Pertanto una definizione solo emodinamica non è sufficiente per comprendere quale tipo di ipertensione polmonare si tratta e quindi che tipo di trattamento applicare.
L’aspetto più importante quindi quando si parla di ipertensione polmonare è la diagnosi: è fondamentale una corretta diagnosi perché da questa dipenderà un corretto trattamento.
L’importanza della nomenclatura
Nasce ad Evian nel 1998 la classificazione clinica della ipertensione polmonare che provvedeva a raggruppare le varie forme di ipertensione polmonare in cinque grossi gruppi in base alla presentazione clinica, alle caratteristiche istopatologiche e quindi alla risposta al trattamento.
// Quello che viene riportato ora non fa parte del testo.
definition consistent :: "'v game \<Rightarrow> 'v \<Rightarrow> ('v list \<Rightarrow> 'v) \<Rightarrow> 'v list \<Rightarrow> bool" where
  "consistent G v \<sigma>1 y \<longleftrightarrow> y \<noteq> [] \<and> y ! 0 = v \<and>
     (\<forall>i. Suc i < length y \<longrightarrow>
        (y ! i, y ! Suc i) \<in> edges G \<and> (y ! i \<in> V1 G \<longrightarrow> y ! Suc i = \<sigma>1 (take (Suc i) y)))"

lemma consistent_single: "consistent G v \<sigma>1 [v]"
  unfolding consistent_def by simp

lemma consistent_snoc:
  assumes y: "consistent G v \<sigma>1 y" and e: "(last y, w) \<in> edges G" and s: "last y \<in> V1 G \<longrightarrow> w = \<sigma>1 y"
  shows "consistent G v \<sigma>1 (y @ [w])"
  unfolding consistent_def
proof (intro conjI allI impI)
  have ne: "y \<noteq> []" and y0: "y ! 0 = v"
    and old: "\<And>i. Suc i < length y \<Longrightarrow>
      (y ! i, y ! Suc i) \<in> edges G \<and> (y ! i \<in> V1 G \<longrightarrow> y ! Suc i = \<sigma>1 (take (Suc i) y))"
    using y unfolding consistent_def by blast+
  show "y @ [w] \<noteq> []" "(y @ [w]) ! 0 = v" using ne y0 by (simp_all add: nth_append)
  fix i assume i: "Suc i < length (y @ [w])"
  have "((y @ [w]) ! i, (y @ [w]) ! Suc i) \<in> edges G \<and>
    ((y @ [w]) ! i \<in> V1 G \<longrightarrow> (y @ [w]) ! Suc i = \<sigma>1 (take (Suc i) (y @ [w])))"
  proof (cases "Suc i < length y")
    case True
    then show ?thesis using old[of i] by (simp add: nth_append)
  next
    case False
    then have "i = length y - 1" using i by simp
    then have "(y @ [w]) ! i = last y" "(y @ [w]) ! Suc i = w" "take (Suc i) (y @ [w]) = y"
      using ne by (simp_all add: nth_append last_conv_nth)
    with e s show ?thesis by (simp only:)
  qed
  then show "((y @ [w]) ! i, (y @ [w]) ! Suc i) \<in> edges G"
    "(y @ [w]) ! i \<in> V1 G \<Longrightarrow> (y @ [w]) ! Suc i = \<sigma>1 (take (Suc i) (y @ [w]))"
    by simp_all
qed

lemma consistent_prefix:
  assumes c: "consistent G v \<sigma>1 (y @ z)" and ne: "y \<noteq> []"
  shows "consistent G v \<sigma>1 y"
  unfolding consistent_def
proof (intro conjI allI impI)
  show "y \<noteq> []" "y ! 0 = v" using c ne unfolding consistent_def by (simp_all add: nth_append)
  fix i assume i: "Suc i < length y"
  then have "((y @ z) ! i, (y @ z) ! Suc i) \<in> edges G \<and>
      ((y @ z) ! i \<in> V1 G \<longrightarrow> (y @ z) ! Suc i = \<sigma>1 (take (Suc i) (y @ z)))"
    using c unfolding consistent_def by simp
  moreover have "(y @ z) ! i = y ! i" "(y @ z) ! Suc i = y ! Suc i" "take (Suc i) (y @ z) = take (Suc i) y"
    using i by (simp_all add: nth_append)
  ultimately show "(y ! i, y ! Suc i) \<in> edges G" "y ! i \<in> V1 G \<Longrightarrow> y ! Suc i = \<sigma>1 (take (Suc i) y)"
    using i by simp_all
qed

lemma consistent_nth_verts:
  assumes "stoch_game G" "v \<in> verts G" "consistent G v \<sigma>1 y" "i < length y"
  shows "y ! i \<in> verts G"
  using assms stoch_game_edges[OF assms(1)] unfolding consistent_def
  by (cases i) (auto dest!: spec[of _ "i - 1"])

lemma consistent_last_verts:
  assumes "stoch_game G" "v \<in> verts G" "consistent G v \<sigma>1 y"
  shows "last y \<in> verts G"
  using consistent_nth_verts[OF assms, of "length y - 1"] assms(3)
  unfolding consistent_def by (simp add: last_conv_nth)

lemma consistent_snoc_exists:
  assumes G: "stoch_game G" and s1: "strategy G (V1 G) \<sigma>1" and v: "v \<in> verts G"
    and y: "consistent G v \<sigma>1 y"
  shows "\<exists>w. consistent G v \<sigma>1 (y @ [w])"
proof (cases "last y \<in> V1 G")
  case True
  have "y \<noteq> []" using y unfolding consistent_def by blast
  then have "\<sigma>1 y \<in> succs G (last y)" using strategyD[OF s1] True by blast
  then show ?thesis using y by (intro exI consistent_snoc) (auto simp: succs_def)
next
  case False
  obtain w where "w \<in> succs G (last y)"
    using stoch_game_succs_nonempty[OF G consistent_last_verts[OF G v y]] by blast
  then show ?thesis using y False by (intro exI consistent_snoc) (auto simp: succs_def)
qed

lemma Out_if_consistent_stake:
  assumes "\<And>n. consistent G v \<sigma>1 (stake (Suc n) \<rho>)"
  shows "\<rho> \<in> Out G v \<sigma>1"
  unfolding Out_def
proof (intro CollectI conjI allI impI)
  show "\<rho> !! 0 = v" using assms[of 0] unfolding consistent_def by simp
  fix i
  have "Suc i < length (stake (Suc (Suc i)) \<rho>)" "take (Suc i) (stake (Suc (Suc i)) \<rho>) = stake (Suc i) \<rho>"
    by (simp_all add: take_stake min_def del: stake.simps)
  then show "(\<rho> !! i, \<rho> !! Suc i) \<in> edges G" "\<rho> !! i \<in> V1 G \<Longrightarrow> \<rho> !! Suc i = \<sigma>1 (stake (Suc i) \<rho>)"
    using assms[of "Suc i"] unfolding consistent_def by (auto simp del: stake.simps)
qed

lemma Out_snth_verts: "stoch_game G \<Longrightarrow> \<rho> \<in> Out G v \<sigma>1 \<Longrightarrow> \<rho> !! j \<in> verts G"
  unfolding Out_def using stoch_game_edges by blast

section \<open>Leaving the positive attractor for good\<close>

lemma mono_PosPre2_Un: "mono (\<lambda>X. PosPre2 G X \<union> T)"
  unfolding mono_def PosPre2_def by blast

lemma PosAttr2_unfold: "PosAttr2 G T = PosPre2 G (PosAttr2 G T) \<union> T"
  unfolding PosAttr2_def using mono_PosPre2_Un by (rule lfp_unfold)

lemma consistent_reaches_PosAttr2_target:
  assumes G: "stoch_game G" and s1: "strategy G (V1 G) \<sigma>1"
    and y: "consistent G v \<sigma>1 y" and x: "last y \<in> PosAttr2 G T"
  shows "\<exists>z. consistent G v \<sigma>1 (y @ z) \<and> last (y @ z) \<in> T"
proof -
  define P where "P x \<longleftrightarrow> (\<forall>y. consistent G v \<sigma>1 y \<and> last y = x \<longrightarrow>
      (\<exists>z. consistent G v \<sigma>1 (y @ z) \<and> last (y @ z) \<in> T))" for x
  have "P x" if "x \<in> lfp (\<lambda>X. PosPre2 G X \<union> T)" for x
    using that
  proof (rule lfp_induct_set[OF _ mono_PosPre2_Un])
    fix x assume x: "x \<in> PosPre2 G (lfp (\<lambda>X. PosPre2 G X \<union> T) \<inter> {x. P x}) \<union> T"
    show "P x" unfolding P_def
    proof (intro allI impI)
      fix y assume y: "consistent G v \<sigma>1 y \<and> last y = x"
      have extend: "\<exists>z. consistent G v \<sigma>1 (y @ z) \<and> last (y @ z) \<in> T"
        if w: "w \<in> succs G x" "P w" "x \<in> V1 G \<longrightarrow> w = \<sigma>1 y" for w
      proof -
        have "consistent G v \<sigma>1 (y @ [w])" using y w(1,3) by (intro consistent_snoc) (auto simp: succs_def)
        then obtain z where "consistent G v \<sigma>1 (y @ [w] @ z)" "last (y @ [w] @ z) \<in> T"
          using w(2) unfolding P_def by fastforce
        then show ?thesis by (intro exI[of _ "w # z"]) simp
      qed
      have "y \<noteq> []" using y unfolding consistent_def by blast
      then have "x \<in> V1 G \<Longrightarrow> \<sigma>1 y \<in> succs G x" using strategyD[OF s1] y by blast
      moreover have "x \<in> V2 G \<union> Vp G \<Longrightarrow> x \<notin> V1 G" using stoch_game_disjoint[OF G] by blast
      ultimately show "\<exists>z. consistent G v \<sigma>1 (y @ z) \<and> last (y @ z) \<in> T"
        using x extend y unfolding PosPre2_def by (fastforce intro: exI[of _ "[]"])
    qed
  qed
  then show ?thesis using x y unfolding P_def PosAttr2_def by blast
qed

lemma Out_visits_infinitely_often:
  assumes step: "\<And>y. consistent G v \<sigma>1 y \<Longrightarrow> \<exists>z. z \<noteq> [] \<and> consistent G v \<sigma>1 (y @ z) \<and> P (last (y @ z))"
  shows "\<exists>\<rho>\<in>Out G v \<sigma>1. \<exists>\<^sub>\<infinity>j. P (\<rho> !! j)"
proof -
  define next_hist where
    "next_hist y = (SOME z. z \<noteq> [] \<and> consistent G v \<sigma>1 (y @ z) \<and> P (last (y @ z)))" for y
  have next_hist: "next_hist y \<noteq> [] \<and> consistent G v \<sigma>1 (y @ next_hist y) \<and> P (last (y @ next_hist y))"
    if "consistent G v \<sigma>1 y" for y
    unfolding next_hist_def by (rule someI_ex[OF step[OF that]])
  define H where "H = rec_nat [v] (\<lambda>_ y. y @ next_hist y)"
  have H_Suc: "H (Suc n) = H n @ next_hist (H n)" for n unfolding H_def by simp
  have H: "consistent G v \<sigma>1 (H n) \<and> Suc n \<le> length (H n)" for n
  proof (induction n)
    case 0 then show ?case using consistent_single by (simp add: H_def)
  next
    case (Suc n)
    then show ?case using next_hist[of "H n"] by (cases "next_hist (H n)") (auto simp: H_Suc)
  qed
  define \<rho> where "\<rho> = smap (\<lambda>i. H i ! i) nats"
  have \<rho>: "\<rho> !! i = H n ! i" if "i < length (H n)" for i n
    unfolding \<rho>_def using H that by (intro snth_smap_nats_limit) (auto simp: H_Suc Suc_le_eq)
  have "\<rho> \<in> Out G v \<sigma>1"
  proof (rule Out_if_consistent_stake)
    fix n
    have "stake (Suc n) \<rho> = take (Suc n) (H n)"
      using H[of n] \<rho>[of _ n] by (intro nth_equalityI) (simp_all del: stake.simps)
    then show "consistent G v \<sigma>1 (stake (Suc n) \<rho>)"
      using consistent_prefix[of G v \<sigma>1 "take (Suc n) (H n)" "drop (Suc n) (H n)"] H[of n]
      by (cases "H n") (simp_all del: stake.simps)
  qed
  moreover have "\<exists>\<^sub>\<infinity>j. P (\<rho> !! j)"
    unfolding INFM_nat
  proof
    fix m
    have l: "Suc (Suc m) \<le> length (H (Suc m))" using H by blast
    then have "\<rho> !! (length (H (Suc m)) - 1) = last (H (Suc m))"
      using \<rho>[of "length (H (Suc m)) - 1" "Suc m"] by (cases "H (Suc m)" rule: rev_exhaust) simp_all
    moreover have "P (last (H (Suc m)))" unfolding H_Suc using next_hist H by blast
    ultimately show "\<exists>j>m. P (\<rho> !! j)" using l by (intro exI[of _ "length (H (Suc m)) - 1"]) simp
  qed
  ultimately show ?thesis by blast
qed

lemma ex_consistent_history_confined:
  assumes G: "stoch_game G" and s1: "strategy G (V1 G) \<sigma>1" and v: "v \<in> verts G"
    and win: "Out G v \<sigma>1 \<subseteq> {\<rho>. parity \<Omega>1 \<rho>}"
    and d: "d = Max (\<Omega>1 ` verts G)" and odd: "odd d"
    and A: "A = PosAttr2 G {v \<in> verts G. \<Omega>1 v = d}" and B: "B = verts G - A"
  shows "\<exists>y. consistent G v \<sigma>1 y \<and> (\<forall>z. consistent G v \<sigma>1 (y @ z) \<longrightarrow> last (y @ z) \<in> B)"
proof (rule ccontr)
  assume "\<nexists>y. consistent G v \<sigma>1 y \<and> (\<forall>z. consistent G v \<sigma>1 (y @ z) \<longrightarrow> last (y @ z) \<in> B)"
  then have escape: "\<exists>z. consistent G v \<sigma>1 (y @ z) \<and> last (y @ z) \<in> A" if "consistent G v \<sigma>1 y" for y
    using that consistent_last_verts[OF G v] unfolding B by blast
  have "\<exists>z. z \<noteq> [] \<and> consistent G v \<sigma>1 (y @ z) \<and> \<Omega>1 (last (y @ z)) = d"
    if y: "consistent G v \<sigma>1 y" for y
  proof -
    obtain w where w: "consistent G v \<sigma>1 (y @ [w])" using consistent_snoc_exists[OF G s1 v y] ..
    obtain z1 where z1: "consistent G v \<sigma>1 ((y @ [w]) @ z1)" "last ((y @ [w]) @ z1) \<in> A"
      using escape[OF w] by blast
    obtain z2 where "consistent G v \<sigma>1 (((y @ [w]) @ z1) @ z2)" "\<Omega>1 (last (((y @ [w]) @ z1) @ z2)) = d"
      using consistent_reaches_PosAttr2_target[OF G s1 z1(1)] z1(2) unfolding A by blast
    then show ?thesis by (intro exI[of _ "w # z1 @ z2"]) simp
  qed
  then obtain \<rho> where \<rho>: "\<rho> \<in> Out G v \<sigma>1" "\<exists>\<^sub>\<infinity>j. \<Omega>1 (\<rho> !! j) = d"
    using Out_visits_infinitely_often[of G v \<sigma>1 "\<lambda>x. \<Omega>1 x = d"] by blast
  have "\<Omega>1 (\<rho> !! j) \<le> d" for j
    unfolding d using Out_snth_verts[OF G \<rho>(1)] stoch_game_finite[OF G] by (intro Max_ge) simp_all
  then show False using not_parity_if_max_odd_infinitely_often[OF _ \<rho>(2) odd] \<rho>(1) win by blast
qed

section \<open>The trap subgame\<close>

lemma cond_pmf_superset: "set_pmf p \<subseteq> s \<Longrightarrow> cond_pmf p s = p"
proof (rule pmf_eqI)
  fix x assume sub: "set_pmf p \<subseteq> s"
  then have ne: "set_pmf p \<inter> s \<noteq> {}" using set_pmf_not_empty[of p] by blast
  have "measure (measure_pmf p) s = 1"
    using sub by (subst measure_pmf.prob_eq_1) (auto simp: AE_measure_pmf_iff)
  then show "pmf (cond_pmf p s) x = pmf p x"
    using sub pmf_cond[OF ne] by (auto simp: set_pmf_iff)
qed

locale attractor_trap =
  fixes G :: "'v game" and T A B :: "'v set"
  assumes game: "stoch_game G" and attractor: "A = PosAttr2 G T" and trap: "B = verts G - A"
begin

abbreviation subgame :: "'v game" where
  "subgame \<equiv> restrict_game G B"

lemma trap_subset_verts: "B \<subseteq> verts G"
  using trap by blast

lemma trap_succs_V2_Vp: "x \<in> B \<Longrightarrow> x \<in> V2 G \<union> Vp G \<Longrightarrow> succs G x \<subseteq> B"
  and trap_succs_V1: "x \<in> B \<Longrightarrow> x \<in> V1 G \<Longrightarrow> succs G x \<inter> B \<noteq> {}"
  using PosAttr2_unfold[of G T] stoch_game_succs_verts[OF game]
  unfolding attractor[symmetric] trap PosPre2_def by blast+

lemma subgame_simps:
  "verts subgame = B" "V1 subgame = V1 G \<inter> B" "V2 subgame = V2 G \<inter> B" "Vp subgame = Vp G \<inter> B"
  "edges subgame = edges G \<inter> B \<times> B" "delta subgame = (\<lambda>x. cond_pmf (delta G x) B)"
  unfolding restrict_game_def using trap_subset_verts by auto

lemma succs_subgame: "succs subgame x = (if x \<in> B then succs G x \<inter> B else {})"
  unfolding succs_def subgame_simps by auto

lemma delta_subgame: "x \<in> Vp G \<Longrightarrow> x \<in> B \<Longrightarrow> delta subgame x = delta G x"
  unfolding subgame_simps
  using trap_succs_V2_Vp stoch_game_set_pmf_delta[OF game] by (intro cond_pmf_superset) auto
La classificazione clinica ha subito negli anni piccole variazioni ma la filosofia e la struttura sono rimaste invariate fino all’ultima versione di Nizza 2012.
Gruppo 1 è quello della ipertensione arteriosa polmonare e comprende oltre la forma idiopatica anche le forme associate a varie condizioni quali: sclerodermia, infezione da HIV, ipertensione portale, cardiopatie congenite, schistosomiasi. Sono forme apparentemente eterogenee ma tutte hanno in comune quelle alterazioni istopatologiche che definiscono la malattia proliferativa delle arterie polmonari e per tale motivo rispondono agli stessi trattamenti.
La nomenclatura è cambiata per questa patologia. Prima si parlava di ipertensione polmonare primitiva o secondaria oggi invece si parla di ipertensione arteriosa polmonare o non-arteriosa polmonare perché in base a questa distinzione si sceglie il trattamento.
Diagnosi di esclusione
L’ipertensione arteriosa polmonare non è la più frequente ma rappresenta solo il 6% di tutte le forme di ipertensione polmonare che si riscontrano in clinica.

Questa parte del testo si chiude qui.